Since all deterministic TMs are also non-deterministic TMs, we have $\text{P}\subseteq \text{NP}$. But whether $\text{P}=\text{NP}$ is still an open question of Millennium Prize Problems.

$\text{NP}$ is not a model of real computation, but provides a theoretical framework that captures important features of many exhaustive search problems. Some examples of $\text{NP}$ problems are:

• Hamiltonian Path Problem (We will show this later.)
• Traveling Salesman Problem
• Clique Problem

Polynomial Time Verifier

We can also define $\text{NP}$ by polynomial time verifier. We will show this by using the example of Hamiltonian Path Problem.

Hamiltonian Path Problem

Given a graph $G$, the Hamiltonian Path Problem is to determine whether there is a path that starts from one vertex $s$, passes through all other vertices exactly once, and ends at another vertex $t$. We can define the language $L_{\text{HAMPATH}}$ as

$$L_{\text{HAMPATH}}=\{⟨G,s,t⟩\mid G\text{ has a Hamiltonian path from }s\text{ to }t\}$$

This problem is apparently $\text{NP}$, for an NTM would always find the valid path. With brute-force search, we can solve the Hamiltonian Path Problem in $O(n!)$ time. The expense of time is mainly due to the searching stage, not the verification stage. Actually, the time cost of verification is only $O(n)$, which is polynomial. This will lead to one feature of $\text{NP}$: polynomial time verification.

A polynomial verifier for a language $L$ is an algorithm $R$ such that for any string $w$ in $L$, there exists a string $c$ such that $R$ accepts $⟨w,c⟩$. The verifier $R$ runs in polynomial time, and $c$ is called the certificate.

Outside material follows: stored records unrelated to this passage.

(* Let $K$ and $K'$ be two CMIs on $X_1,\dots,X_n$ (not necessarily in pure form). Then $K\sim K'$ if and only if $\mathrm{can}(\mathrm{pur}(K))=\mathrm{can}(\mathrm{pur}(K'))$.
   Context: Setting: $X_1,\dots,X_n$ are jointly distributed discrete random variables with $H(X_i)<\infty$ for all $i$; the joint distribution is otherwise unspecified. Write $\mathcal N_n=\{1,\dots,n\}$, $X_\alpha=(X_i,i\in\alpha)$, and $X_\emptyset$ is a constant. A CMI is a pair $K=(C,\langle Q_1,\dots,Q_k\rangle)$ with $k\ge0$, $C\subseteq\mathcal N_n$, $\langle Q_1,\dots,Q_k\rangle$ an unordered multiset of subsets of $\mathcal N_n$. For a given joint distribution, $K$ is valid if $\sum_{i=1}^k H(X_{Q_i}|X_C)-H(X_{Q_1},\dots,X_{Q_k}|X_C)=0$. Empty members may be deleted. Two CMIs are equal if conditioning sets and multisets coincide. $K\sim K'$ means that for every joint distribution both are valid or both invalid. Degenerate CMIs (valid for every distribution) are all identified and written $(\cdot,\langle\ \rangle)$. Pure form: $\mathrm{pur}(K)=(C,\langle Q_i\setminus C: Q_i\setminus C\ne\emptyset\rangle)$ (with multiplicity). A CMI is in pure form if all $Q_i\neq\emptyset$ and $Q_i\cap C=\emptyset$. Canonical form of a pure $K=(C,\langle Q_1,\dots,Q_k\rangle)$: if $k\ge2$, $\mathbb I_K$ is the set of indices lying in at least two members (distinct positions) of the collection; $\mathbb I_K=\emptyset$ if $k\le1$. Let $P_1,\dots,P_t$ be the nonempty sets among $Q_i\setminus\mathbb I_K$ (with multiplicity). Then $\mathrm{can}(K)=(\cdot,\langle\ \rangle)$ if $k\le1$; $(C,\langle\mathbb I_K,\mathbb I_K\rangle)$ if $k\ge2,\mathbb I_K\ne\emptyset,t\le1$; $(C,\langle P_1,\dots,P_t\rangle)$ if $k\ge2,\mathbb I_K=\emptyset$; $(C,\langle\mathbb I_K,\mathbb I_K,P_1,\dots,P_t\rangle)$ if $k\ge2,\mathbb I_K\ne\emptyset,t\ge2$. *)

theory Defs
  imports "HOL-Probability.Probability" "HOL-Library.Multiset"
begin
(* Let $H$ be a connected false-twin-free graph with $|V(H)|\ge 7$, let $G=KB(H)$, let $q$ be a vertex of $G$ with $d_G(q)=2$, and let $B$ be the biclique of $H$ corresponding to $q$. Then one of the following holds: (1) $B$ induces $K_{1,1}$, say $B=\{v,w\}$ with $vw\in E(H)$, and there is a vertex $x$ with $N[v]=N[w]=\{v,w,x\}$ and such that $N(x)\setminus\{v,w\}$ is an independent set of $H$; (2) $B$ induces $K_{1,2}$, say with center $b$ and leaves $a,c$ (so $ab,bc\in E(H)$, $ac\notin E(H)$), and, after possibly exchanging the names of $a$ and $c$, $N(a)=\{b\}$ and $N(b)=\{a,c\}$.
   Context: All graphs are finite, simple, undirected and connected. A biclique of a graph $H$ is a maximal (with respect to vertex-set inclusion) set of vertices inducing a complete bipartite subgraph $K_{r,s}$ with $r,s\ge 1$. The biclique graph $KB(H)$ is the intersection graph of the family of all bicliques of $H$: its vertices are the bicliques of $H$, and two bicliques are adjacent iff they share at least one vertex. $N(u)$ denotes the open neighborhood of $u$ and $N[u]=N(u)\cup\{u\}$ the closed neighborhood. Two distinct vertices $u,v$ are false-twins if $N(u)=N(v)$; a graph is false-twin-free if it has no pair of false-twins. *)

theory Defs
  imports Main
begin

definition simple_graph :: "'a set \<Rightarrow> ('a \<Rightarrow> 'a \<Rightarrow> bool) \<Rightarrow> bool" where
  "simple_graph V E \<longleftrightarrow> finite V \<and> V \<noteq> {} \<and>
     (\<forall>u v. E u v \<longrightarrow> u \<in> V \<and> v \<in> V) \<and>
     (\<forall>u v. E u v \<longrightarrow> E v u) \<and> (\<forall>u. \<not> E u u)"

definition connected_graph :: "'a set \<Rightarrow> ('a \<Rightarrow> 'a \<Rightarrow> bool) \<Rightarrow> bool" where
  "connected_graph V E \<longleftrightarrow> (\<forall>u\<in>V. \<forall>v\<in>V. E\<^sup>*\<^sup>* u v)"

definition nbhd :: "'a set \<Rightarrow> ('a \<Rightarrow> 'a \<Rightarrow> bool) \<Rightarrow> 'a \<Rightarrow> 'a set" where
  "nbhd V E u = {w \<in> V. E u w}"
section \<open>The scaling exponent\<close>

lemma ratio_le_of_multiples:
  fixes a a' b b' :: real
  assumes pos: "a > 0" "a' > 0" "b > 0" "b' > 0"
    and H: "\<And>m n. real m * a \<le> real n * a' \<Longrightarrow> real m * b \<le> real n * b'"
  shows "b / a \<le> b' / a'"
proof (rule ccontr)
  assume "\<not> ?thesis"
  hence gap: "a * b' < a' * b" using pos by (simp add: field_simps)
  obtain n :: nat where n: "a * b / (a' * b - a * b') < n"
    using reals_Archimedean2 by blast
  define m where "m = nat \<lfloor>n * a' / a\<rfloor>"
  have m: "n * a' / a - 1 < m" "m \<le> n * a' / a"
    using pos unfolding m_def by (simp_all add: of_nat_nat)
  have "m * a \<le> n * a'" using m(2) pos by (simp add: field_simps)
  hence "m * b \<le> n * b'" by (rule H)
  moreover have "(n * a' / a - 1) * b < m * b" using m(1) pos by simp
  ultimately have "(n * a' / a - 1) * b < n * b'" by linarith
  hence "n * (a' * b - a * b') < a * b" using pos by (simp add: field_simps)
  moreover have "a * b < n * (a' * b - a * b')" using n gap by (simp add: field_simps)
  ultimately show False by linarith
qed

text \<open>Monotonicity compares the orbits 1, a, a^2, ... and 1, a', a'^2, ... of two expanding
  scaling pairs, which bounds their exponents.\<close>
lemma scaling_exponent_le:
  assumes mono: "strict_mono f"
    and sc: "scales f a b" "a > 1" and sc': "scales f a' b'" "a' > 1"
  shows "ln b / ln a \<le> ln b' / ln a'"
proof -
  have b: "b > 1" "b' > 1" using scales_expanding mono sc sc' by blast+
  have "f 0 = 0" using scales_fixes_zero[OF strict_mono_imp_inj_on[OF mono] sc(1)] sc(2) by simp
  hence f1: "f 1 > 0" using strict_monoD[OF mono, of 0 1] by simp
  have orbit: "f (a ^ m) = b ^ m * f 1" "f (a' ^ m) = b' ^ m * f 1" for m
    using scales_power[OF sc(1)] scales_power[OF sc'(1)] by (metis scales_def mult_1_right)+
  have "real m * ln b \<le> real n * ln b'" if "real m * ln a \<le> real n * ln a'" for m n
  proof -
    have "a ^ m \<le> a' ^ n" using that sc(2) sc'(2) by (simp add: ln_realpow flip: ln_le_cancel_iff)
    hence "b ^ m * f 1 \<le> b' ^ n * f 1" using mono orbit by (metis strict_mono_less_eq)
    hence "b ^ m \<le> b' ^ n" using f1 by simp
    thus ?thesis using b by (simp add: ln_realpow flip: ln_le_cancel_iff)
  qed
  moreover have "ln a > 0" "ln a' > 0" "ln b > 0" "ln b' > 0" using sc(2) sc'(2) b by simp_all
  ultimately show ?thesis by (rule ratio_le_of_multiples[rotated 4])
qed

lemma scales_normalize:
  assumes mono: "strict_mono f" and sc: "scales f a b" and "a > 0" "a \<noteq> 1"
  obtains a' b' where "a' > 1" "scales f a' b'" "ln b' / ln a' = ln b / ln a"
proof (cases "a > 1")
  case True
  thus ?thesis using that sc by blast
next
  case False
  hence "1 / a > 1" using assms(3,4) by simp
  moreover have "b > 0" using scales_sign[OF mono sc] assms(3) by (auto simp: sgn_if split: if_splits)
  hence "scales f (1 / a) (1 / b)" using scales_inverse[OF sc] assms(3) by simp
  moreover have "ln (1 / b) / ln (1 / a) = ln b / ln a" using \<open>b > 0\<close> assms(3) by (simp add: ln_div)
  ultimately show ?thesis using that by blast
qed

lemma scaling_exponent_pos:
  assumes mono: "strict_mono f" and sc: "scales f a b" and "a > 0" "a \<noteq> 1"
  shows "ln b / ln a > 0"
proof -
  obtain a' b' where a': "a' > 1" "scales f a' b'" "ln b' / ln a' = ln b / ln a"
    using scales_normalize[OF assms] .
  have "b' > 1" using scales_expanding[OF mono a'(2,1)] .
  thus ?thesis using a' by (metis divide_pos_pos ln_gt_zero)
qed

lemma scaling_exponent_unique:
  assumes mono: "strict_mono f"
    and sc: "scales f a b" "a > 0" "a \<noteq> 1" and sc': "scales f a' b'" "a' > 0" "a' \<noteq> 1"
  shows "ln b / ln a = ln b' / ln a'"
proof -
  obtain c d where cd: "c > 1" "scales f c d" "ln d / ln c = ln b / ln a"
    using scales_normalize[OF mono sc] .
  obtain c' d' where cd': "c' > 1" "scales f c' d'" "ln d' / ln c' = ln b' / ln a'"
    using scales_normalize[OF mono sc'] .
  show ?thesis
    using scaling_exponent_le[OF mono cd(2,1) cd'(2,1)] scaling_exponent_le[OF mono cd'(2,1) cd(2,1)]
      cd(3) cd'(3) by linarith
qed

The verifier $R$ for $L_{\text{HAMPATH}}$ is:

$$R(⟨⟨G,s,t⟩,p⟩)=\{\begin{array}{l}\begin{array}{ll}1& \text{if }p\text{ is a Hamiltonian path from }s\text{ to }t\text{ in }G\\ 0& \text{otherwise}\end{array}\end{array}$$

If we have a polynomial time verifier for a language $L$, then $L$ is in $\text{NP}$.

$\text{EXP}$

$\text{EXP}$ refers to the Exponential Time Class. It is defined as

$$\text{EXP}=\bigcup _{k\in \mathbb{N}}\text{TIME}(2^{n^k})$$

Each NTM can be simulated by a deterministic TM in exponential time. For a tree of $n^k$-time NTM having at most $b$ branches at each level, we can simulate it in $O(b^{n^k})$ time, which is also $O(2^{n^k})$ time.